Will you marry me, Hetty?"
She jerked her hands away, and held them clenched against her
breast.
"No! I cannot. It is impossible, Brandon. If I loved you less than
I do, I might say yes, but--no, it is impossible."
His eyes narrowed. A grey shadow crept over his face.
"There can be only one obstacle so serious as all that," he said
slowly. "You--you are already married."
"No!" she cried, lifting her pathetic eyes to his. "It isn't that.
Oh, please be good to me! Don't ask me to say anything more. Don't
make it hard for me, Brandon. I love you--I love you. To be your
wife would be the most glorious--No, no! I must not even think of
it. I must put it out of my mind. There IS a barrier, dearest. We
cannot surmount it. Don't ask me to tell you, for I cannot. I--I
am so happy in knowing that you love me, and that you still love
me after I have told you how mean and shameless I was in deceiving--"
He drew her close and kissed her full on the trembling lips. She
gasped and closed her eyes, lying like one in a swoon. Soft, moaning
sounds came from her lips. He could not help feeling a vast pity
for her, she was so gentle, so miserably hurt by something he could
not understand, but knew to be monumental in its power to oppress.

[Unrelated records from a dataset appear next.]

(* Let $A\in\{\mathbb Z,\mathbb R\}$ and let $K,X\subset\mathbb R^d$ be $d$-dimensional convex bodies with $\mathrm{width}(K)=\mathrm{Flt}_d^A(X)$. Then $K$ contains an $A$-unimodular copy of $X$.
   Context: A convex body is a nonempty compact convex subset of $\mathbb R^d$. An $A$-unimodular transformation is a map $T(x)=Mx+b$ with $M\in \mathrm{GL}_d(\mathbb Z)$ and $b\in A^d$; an $A$-unimodular copy of $X$ is $T(X)$ for such a $T$. For $u\in(\mathbb Z^d)^*$, $\mathrm{width}_u(K)=\sup_{x,y\in K}|u(x)-u(y)|$ and $\mathrm{width}(K)=\inf_{u\in(\mathbb Z^d)^*\setminus\{0\}}\mathrm{width}_u(K)$. $\mathrm{Flt}_d^A(X)=\sup\{\mathrm{width}(K'): K'\subset\mathbb R^d \text{ a convex body containing no } A\text{-unimodular copy of } X\}$. *)

theory Defs
  imports "HOL-Analysis.Analysis"
begin

definition convex_body :: "(real^'n) set \<Rightarrow> bool" where
  "convex_body K \<longleftrightarrow> K \<noteq> {} \<and> compact K \<and> convex K"

definition int_vec :: "real^'n \<Rightarrow> bool" where
  "int_vec u \<longleftrightarrow> (\<forall>i. u $ i \<in> \<int>)"

definition int_mat :: "real^'n^'n \<Rightarrow> bool" where
  "int_mat M \<longleftrightarrow> (\<forall>i j. M $ i $ j \<in> \<int>)"

definition GL_Z :: "(real^'n^'n) set" where
  "GL_Z = {M. int_mat M \<and> invertible M \<and> int_mat (matrix_inv M)}"

definition contains_copy :: "real set \<Rightarrow> (real^'n) set \<Rightarrow> (real^'n) set \<Rightarrow> bool" where
  "contains_copy A K X \<longleftrightarrow>
     (\<exists>M b. M \<in> GL_Z \<and> (\<forall>i. b $ i \<in> A) \<and> (\<lambda>x. M *v x + b) ` X \<subseteq> K)"

text \<open>Functionals in (Z^d)^* are represented as x \<mapsto> u \<bullet> x with u integer.\<close>
definition width_dir :: "real^'n \<Rightarrow> (real^'n) set \<Rightarrow> real" where
  "width_dir u K = Sup {\<bar>u \<bullet> x - u \<bullet> y\<bar> | x y. x \<in> K \<and> y \<in> K}"

definition lattice_width :: "(real^'n) set \<Rightarrow> real" where
  "lattice_width K = Inf {width_dir u K | u. int_vec u \<and> u \<noteq> 0}"

definition Flt :: "real set \<Rightarrow> (real^'n) set \<Rightarrow> ereal" where
  "Flt A X = Sup {ereal (lattice_width K') | K'. convex_body K' \<and> \<not> contains_copy A K' X}"

end

theory Submission
  imports Defs
begin

text \<open>
  Thickening K by r raises its lattice width by at least 2r, because every nonzero integer
  direction has norm at least 1. So every thickening of K has lattice width above Flt and
  contains a copy of X. As X contains a ball and K is bounded, the affine maps producing these
  copies range over a bounded set; integer matrices form a discrete, hence closed, set and A is
  closed. The admissible maps therefore form a nested sequence of nonempty compact sets, and a
  map in their intersection carries X into the intersection of the thickenings, which is K.
\<close>

definition thickening :: "real \<Rightarrow> 'a::real_normed_vector set \<Rightarrow> 'a set" where
  "thickening r K = {x + y | x y. x \<in> K \<and> y \<in> cball 0 r}"

lemma subset_thickening: "r \<ge> 0 \<Longrightarrow> K \<subseteq> thickening r K"
  unfolding thickening_def by force

lemma thickening_mono: "r \<le> s \<Longrightarrow> thickening r K \<subseteq> thickening s K"
  unfolding thickening_def by fastforce

lemma compact_thickening:
  fixes K :: "'a::euclidean_space set"
  shows "compact K \<Longrightarrow> compact (thickening r K)"
  unfolding thickening_def by (rule compact_sums) auto

lemma convex_thickening:
  assumes "convex K"
  shows "convex (thickening r K)"
proof -
  have "thickening r K = (\<Union>x\<in>K. \<Union>y\<in>cball 0 r. {x + y})"
    unfolding thickening_def by blast
  then show ?thesis using assms by (simp add: convex_sums)
qed

lemma convex_body_thickening:
  assumes "convex_body K" "r \<ge> 0"
  shows "convex_body (thickening r K)"
proof -
  have "K \<subseteq> thickening r K" using assms(2) by (rule subset_thickening)
  with assms(1) show ?thesis
    unfolding convex_body_def by (auto simp: compact_thickening convex_thickening)
qed

lemma Inter_thickening_closed:
  assumes "closed K"
  shows "(\<Inter>n. thickening (1 / real (Suc n)) K) = K"
proof
  show "(\<Inter>n. thickening (1 / real (Suc n)) K) \<subseteq> K"
  proof
    fix p assume p: "p \<in> (\<Inter>n. thickening (1 / real (Suc n)) K)"
    have "\<exists>y\<in>K. dist y p < e" if "e > 0" for e
    proof -
      obtain n where n: "1 / real (Suc n) < e" using nat_approx_posE[OF \<open>e > 0\<close>] .
      have "p \<in> thickening (1 / real (Suc n)) K" using p by blast
      then obtain x y where "p = x + y" "x \<in> K" "norm y \<le> 1 / real (Suc n)"
        unfolding thickening_def by auto
      then have "dist x p < e" using n by (simp add: dist_norm)
      with \<open>x \<in> K\<close> show ?thesis by blast
    qed
    then show "p \<in> K" using closed_approachable[OF assms] by blast
  qed
  show "K \<subseteq> (\<Inter>n. thickening (1 / real (Suc n)) K)"
    by (intro INT_greatest subset_thickening) simp
qed

lemma bdd_above_width_dir:
  assumes "bounded K"
  shows "bdd_above {\<bar>u \<bullet> x - u \<bullet> y\<bar> | x y. x \<in> K \<and> y \<in> K}"
proof -
  obtain B where B: "\<And>x. x \<in> K \<Longrightarrow> norm x \<le> B"
    using assms bounded_iff by blast
  have "\<bar>u \<bullet> x - u \<bullet> y\<bar> \<le> norm u * (B + B)" if "x \<in> K" "y \<in> K" for x y
  proof -
    have "\<bar>u \<bullet> x - u \<bullet> y\<bar> \<le> norm u * norm (x - y)"
      by (metis Cauchy_Schwarz_ineq2 inner_diff_right)
    also have "\<dots> \<le> norm u * (B + B)"
      using B[OF that(1)] B[OF that(2)] norm_triangle_ineq4[of x y]
      by (intro mult_left_mono) auto
    finally show ?thesis .
  qed
  then show ?thesis unfolding bdd_above_def by blast
qed

lemma width_dir_nonneg:
  assumes "K \<noteq> {}" "bounded K"
  shows "0 \<le> width_dir u K"
proof -
  obtain x where "x \<in> K" using assms(1) by blast
  then have "\<bar>u \<bullet> x - u \<bullet> x\<bar> \<le> width_dir u K"
    unfolding width_dir_def by (intro cSup_upper bdd_above_width_dir assms(2)) blast
  then show ?thesis by simp
qed

lemma lattice_width_le_width_dir:
  assumes "K \<noteq> {}" "bounded K" "int_vec u" "u \<noteq> 0"
  shows "lattice_width K \<le> width_dir u K"
  unfolding lattice_width_def using assms width_dir_nonneg[OF assms(1,2)]
  by (intro cInf_lower) (auto simp: bdd_below_def)

lemma norm_int_vec_ge_1:
  assumes "int_vec u" "u \<noteq> 0"
  shows "1 \<le> norm u"
proof -
  obtain i where "u $ i \<noteq> 0" using assms(2) by (metis vec_eq_iff zero_index)
  moreover have "u $ i \<in> \<int>" using assms(1) unfolding int_vec_def by auto
  ultimately have "1 \<le> \<bar>u $ i\<bar>" by (metis Ints_nonzero_abs_ge1)
  then show ?thesis using component_le_norm_cart[of u i] by linarith
qed

lemma width_dir_thickening:
  assumes "K \<noteq> {}" "compact K" "r \<ge> 0" "1 \<le> norm u"
  shows "width_dir u K + 2 * r \<le> width_dir u (thickening r K)"
proof -
  define v where "v = (r / norm u) *\<^sub>R u"
  have "u \<bullet> v = r * norm u" "norm v = r"
    unfolding v_def using assms by (auto simp: dot_square_norm power2_eq_square)
  then have uv: "r \<le> u \<bullet> v" and v: "v \<in> cball 0 r" "- v \<in> cball 0 r"
    using assms by (auto simp: mult_le_cancel_left1)
  have "u \<bullet> x - u \<bullet> y + 2 * r \<le> width_dir u (thickening r K)" if "x \<in> K" "y \<in> K" for x y
  proof -
    have "x + v \<in> thickening r K" "y + - v \<in> thickening r K"
      unfolding thickening_def using that v by blast+
    then have "\<bar>u \<bullet> (x + v) - u \<bullet> (y + - v)\<bar> \<le> width_dir u (thickening r K)"
      unfolding width_dir_def
      by (intro cSup_upper bdd_above_width_dir compact_imp_bounded compact_thickening assms(2)) blast
    moreover have "u \<bullet> (x + v) - u \<bullet> (y + - v) = u \<bullet> x - u \<bullet> y + 2 * (u \<bullet> v)"
      by (simp add: inner_add_right inner_diff_right)
    ultimately show ?thesis using uv by linarith
  qed
  then have bound: "\<bar>u \<bullet> x - u \<bullet> y\<bar> \<le> width_dir u (thickening r K) - 2 * r"
    if "x \<in> K" "y \<in> K" for x y
    using that by (metis abs_le_iff add.commute le_diff_eq minus_diff_eq)
  have "width_dir u K \<le> width_dir u (thickening r K) - 2 * r"
    unfolding width_dir_def[of u K] using assms(1) bound by (intro cSup_least) blast+
  then show ?thesis by simp
qed

lemma lattice_width_thickening:
  fixes K :: "(real^'n) set"
  assumes "K \<noteq> {}" "compact K" "r \<ge> 0"
  shows "lattice_width K + 2 * r \<le> lattice_width (thickening r K)"
  unfolding lattice_width_def[of "thickening r K"]
proof (rule cInf_greatest)
  have "int_vec (axis i 1 :: real^'n)" "axis i 1 \<noteq> (0::real^'n)" for i
    unfolding int_vec_def axis_def by (auto simp: vec_eq_iff)
  then show "{width_dir u (thickening r K) |u. int_vec u \<and> u \<noteq> (0::real^'n)} \<noteq> {}"
    by blast
next
  fix w assume "w \<in> {width_dir u (thickening r K) |u. int_vec u \<and> u \<noteq> (0::real^'n)}"
  then obtain u where u: "int_vec u" "u \<noteq> 0" and w: "w = width_dir u (thickening r K)" by auto
  have "lattice_width K \<le> width_dir u K"
    using lattice_width_le_width_dir[OF assms(1) compact_imp_bounded[OF assms(2)] u] .
  moreover have "width_dir u K + 2 * r \<le> w"
    unfolding w by (rule width_dir_thickening[OF assms norm_int_vec_ge_1[OF u]])
  ultimately show "lattice_width K + 2 * r \<le> w" by linarith
qed

lemma contains_copy_if_Flt_less_lattice_width:
  assumes "convex_body K" "Flt A X < ereal (lattice_width K)"
  shows "contains_copy A K X"
proof (rule ccontr)
  assume "\<not> contains_copy A K X"
  with assms(1) have "ereal (lattice_width K) \<le> Flt A X"
    unfolding Flt_def by (intro Sup_upper) blast
  with assms(2) show False by simp
qed

definition copy_maps ::
    "real set \<Rightarrow> (real^'n) set \<Rightarrow> (real^'n) set \<Rightarrow> ((real^'n^'n) \<times> (real^'n)) set" where
  "copy_maps A K X = {(M, b). M \<in> GL_Z \<and> (\<forall>i. b $ i \<in> A) \<and> (\<lambda>x. M *v x + b) ` X \<subseteq> K}"

lemma contains_copy_iff_copy_maps_nonempty:
  "contains_copy A K X \<longleftrightarrow> copy_maps A K X \<noteq> {}"
  unfolding contains_copy_def copy_maps_def by auto

lemma copy_maps_mono: "K \<subseteq> L \<Longrightarrow> copy_maps A K X \<subseteq> copy_maps A L X"
  unfolding copy_maps_def by auto

lemma closed_int_mat_set:
  assumes "\<And>M. M \<in> S \<Longrightarrow> int_mat M"
  shows "closed S"
proof (rule discrete_imp_closed[OF zero_less_one], intro ballI impI)
  fix M N assume MN: "M \<in> S" "N \<in> S" "dist N M < 1"
  have "N $ i $ j = M $ i $ j" for i j
  proof -
    have "\<bar>N $ i $ j - M $ i $ j\<bar> \<le> dist N M"
      using component_le_norm_cart[of "(N - M) $ i" j]
        Finite_Cartesian_Product.norm_nth_le[of "N - M" i]
      by (simp add: dist_norm)
    moreover have "N $ i $ j \<in> \<int>" "M $ i $ j \<in> \<int>"
      using assms MN(1,2) unfolding int_mat_def by auto
    ultimately show ?thesis using MN(3) Ints_eq_abs_less1 by fastforce
  qed
  then show "N = M" by (simp add: vec_eq_iff)
qed

lemma closed_GL_Z: "closed GL_Z"
  by (rule closed_int_mat_set) (simp add: GL_Z_def)

lemma closed_copy_maps:
  fixes K X :: "(real^'n) set"
  assumes "closed A" "closed K"
  shows "closed (copy_maps A K X)"
proof -
  have closed_coord: "closed ((\<lambda>b. b $ i) -` A)" for i :: 'n
    by (intro continuous_closed_vimage assms(1) linear_continuous_at bounded_linear_vec_nth)
  have closed_eval: "closed ((\<lambda>p. fst p *v x + snd p) -` K)" for x :: "real^'n"
  proof -
    have "linear (\<lambda>p :: (real^'n^'n) \<times> (real^'n). fst p *v x + snd p)"
      by (intro linearI)
        (auto simp: matrix_vector_mult_add_rdistrib scaleR_matrix_vector_assoc scaleR_add_right)
    then show ?thesis
      by (intro continuous_closed_vimage assms(2) linear_continuous_at)
        (simp add: linear_conv_bounded_linear)
  qed
  have "copy_maps A K X =
      (GL_Z \<times> (\<Inter>i. (\<lambda>b. b $ i) -` A)) \<inter> (\<Inter>x\<in>X. (\<lambda>p. fst p *v x + snd p) -` K)"
    unfolding copy_maps_def by auto
  then show ?thesis
    by (simp only:)
      (intro closed_Int closed_Times closed_GL_Z closed_INT ballI closed_coord closed_eval)
qed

"Listen, dearest," he said, after a long silence; "I understand
this much, at least: you can't talk about it now. Whatever it is,
it hurts, and God knows I don't want to make it worse for you in
this hour when I am so selfishly happy. Time will show us the way.
It can't be insurmountable. Love always triumphs. I only ask you to
repeat those three little words, and I will be content. Say them."
"I love you," she murmured.
"There! You are mine! Three little words bind you to me for ever.
I will wait until the barrier is down. Then I will take you."
"The barrier grows stronger every day," she said, staring out beyond
the tree-tops at the scudding clouds. "It never can be removed."
"Some day you will tell me--everything?"
She hesitated long. "Yes, before God, Brandon, I will tell you.
Not now, but--some day. Then you will see why--why I cannot--" She
could not complete the sentence.
"I don't believe there is anything you can tell me that will
alter my feelings toward you," he said firmly. "The barrier may be
insurmountable, but my love is everlasting."
"I can only thank you, dear, and--love you with all my wretched
heart."
"You are not pledged to some one else?"
"No."
"That's all I want to know," he said, with a deep breath. "I thought
it might be--Leslie."
"No, no!" she cried out, and he caught a note of horror in her
voice.
"Does--does he know this--this thing you can't tell me?" he demanded,
a harsh note of jealousy in his voice.
She looked up at him, hurt by his tone. "Sara knows," she said.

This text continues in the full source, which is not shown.